Samsung and Apple are losing ground to Huawei because their phones are too expensive - Recent News from USA
A Huawei poster is displayed in a store in Beijing on August 7, 2018.

Samsung and Apple are losing ground to Huawei because their phones are too expensive

A Huawei poster is displayed in a store in Beijing on August 7, 2018.

Wang Zhao | AFP | Getty Images

A Huawei poster is displayed in a store in Beijing on August 7, 2018.

Samsung and Apple are increasingly losing their share of the smartphone market to China’s Huawei, according to new research, with consumers put off by the high price tags attached to their premium models.

Market data released by tech research firm Gartner Thursday showed Huawei’s share of the smartphone market climbed to almost 15 percent in the three months ended December 2018, up 4 percentage points from the same period a year earlier.

Competitors Samsung and Apple still rank first and second in terms of market share, covering approximately 17 and 16 percent of the industry, respectively.

However, both lost market share in the fourth quarter year-over-year, according to the figures.

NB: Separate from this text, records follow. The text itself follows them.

lemma elem_sym_0 [simp]: "finite S \<Longrightarrow> elem_sym L S 0 = 1"
proof -
  assume "finite S"
  then have "{T. T \<subseteq> S \<and> card T = 0} = {{}}" by (auto dest: finite_subset)
  then show ?thesis by (simp add: elem_sym_def)
qed

lemma elem_sym_empty [simp]: "elem_sym L {} (Suc m) = 0"
proof -
  have "{T. T \<subseteq> {} \<and> card T = Suc m} = {}" by auto
  then show ?thesis unfolding elem_sym_def by (metis sum.empty)
qed

lemma elem_sym_insert:
  assumes "finite S" "a \<notin> S"
  shows "elem_sym L (insert a S) (Suc m) = elem_sym L S (Suc m) + L a * elem_sym L S m"
proof -
  let ?sub = "\<lambda>m. {T. T \<subseteq> S \<and> card T = m}"
  have fin: "finite T" if "T \<subseteq> S" for T using assms that finite_subset by blast
  have split: "{T. T \<subseteq> insert a S \<and> card T = Suc m} = ?sub (Suc m) \<union> insert a ` ?sub m"
  proof (intro equalityI subsetI)
    fix T assume T: "T \<in> {T. T \<subseteq> insert a S \<and> card T = Suc m}"
    show "T \<in> ?sub (Suc m) \<union> insert a ` ?sub m"
    proof (cases "a \<in> T")
      case True
      then have "T = insert a (T - {a})" "T - {a} \<in> ?sub m"
        using T fin[of "T - {a}"] by auto
      then show ?thesis by blast
    qed (use T in auto)
  qed (use assms in \<open>auto simp: card_insert_if fin\<close>)
  have "elem_sym L (insert a S) (Suc m) = elem_sym L S (Suc m) + (\<Sum>T\<in>insert a ` ?sub m. prod L T)"
    unfolding elem_sym_def split using assms by (intro sum.union_disjoint) auto
  also have "(\<Sum>T\<in>insert a ` ?sub m. prod L T) = L a * elem_sym L S m"
  proof (subst sum.reindex)
    show "inj_on (insert a) (?sub m)"
      by (rule inj_onI) (metis Diff_insert_absorb assms(2) mem_Collect_eq subsetD)
    have "prod L (insert a T) = L a * prod L T" if "T \<subseteq> S" for T
    proof -
      have "a \<notin> T" using that assms by blast
      then show ?thesis using fin[OF that] by simp
    qed
    then show "sum (prod L \<circ> insert a) (?sub m) = L a * elem_sym L S m"
      by (simp add: elem_sym_def sum_distrib_left)
  qed
  finally show ?thesis .
qed

lemma elem_sym_conv_strict_lists:
  "elem_sym L {lo..<n} m = (\<Sum>ys\<in>strict_lists lo n m. prod_list (map L ys))"
proof -
  have fin: "finite T" if "T \<subseteq> {lo..<n}" for T using that finite_subset by blast
  have "bij_betw set (strict_lists lo n m) {T. T \<subseteq> {lo..<n} \<and> card T = m}"
  proof (rule bij_betw_byWitness[where f' = sorted_list_of_set])
    show "\<forall>ys\<in>strict_lists lo n m. sorted_list_of_set (set ys) = ys"
      by (auto simp: strict_lists_def strict_sorted_iff sorted_list_of_set.idem_if_sorted_distinct)
  qed (auto simp: strict_lists_def strict_sorted_iff distinct_card fin subset_iff)
  then show ?thesis
    unfolding elem_sym_def
    by (subst sum.reindex_bij_betw[symmetric])
      (auto simp: strict_lists_def strict_sorted_iff prod.distinct_set_conv_list)
qed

Apple’s share of the sector dipped 2 percentage points, while Samsung’s fell about 1 percentage point.

“Apple has really been losing ground on a couple of things, especially when it comes to emerging markets like Greater China,” Anshul Gupta, senior research director at Gartner, told CNBC in an interview. “What we are seeing in China is that the leading Chinese players have raised the quality of their smartphones significantly.”

Apple sold 64.5 million iPhone units in the fourth quarter 2018, Gartner estimated. That’s down almost 12 percent from the same period in the previous year, marking the worst quarterly year-on-year decline in iPhone shipments since the first quarter of 2016.

The company has said that lagging sales overall are mostly due to its sluggish performance in China. It said in its most recent results that iPhone revenue had fallen 15 percent in the first quarter year-over-year, which CEO Tim Cook said at the time was the result of customers “holding on to their iPhones a bit longer than in the past” and “macroeconomic factors particularly in emerging markets.”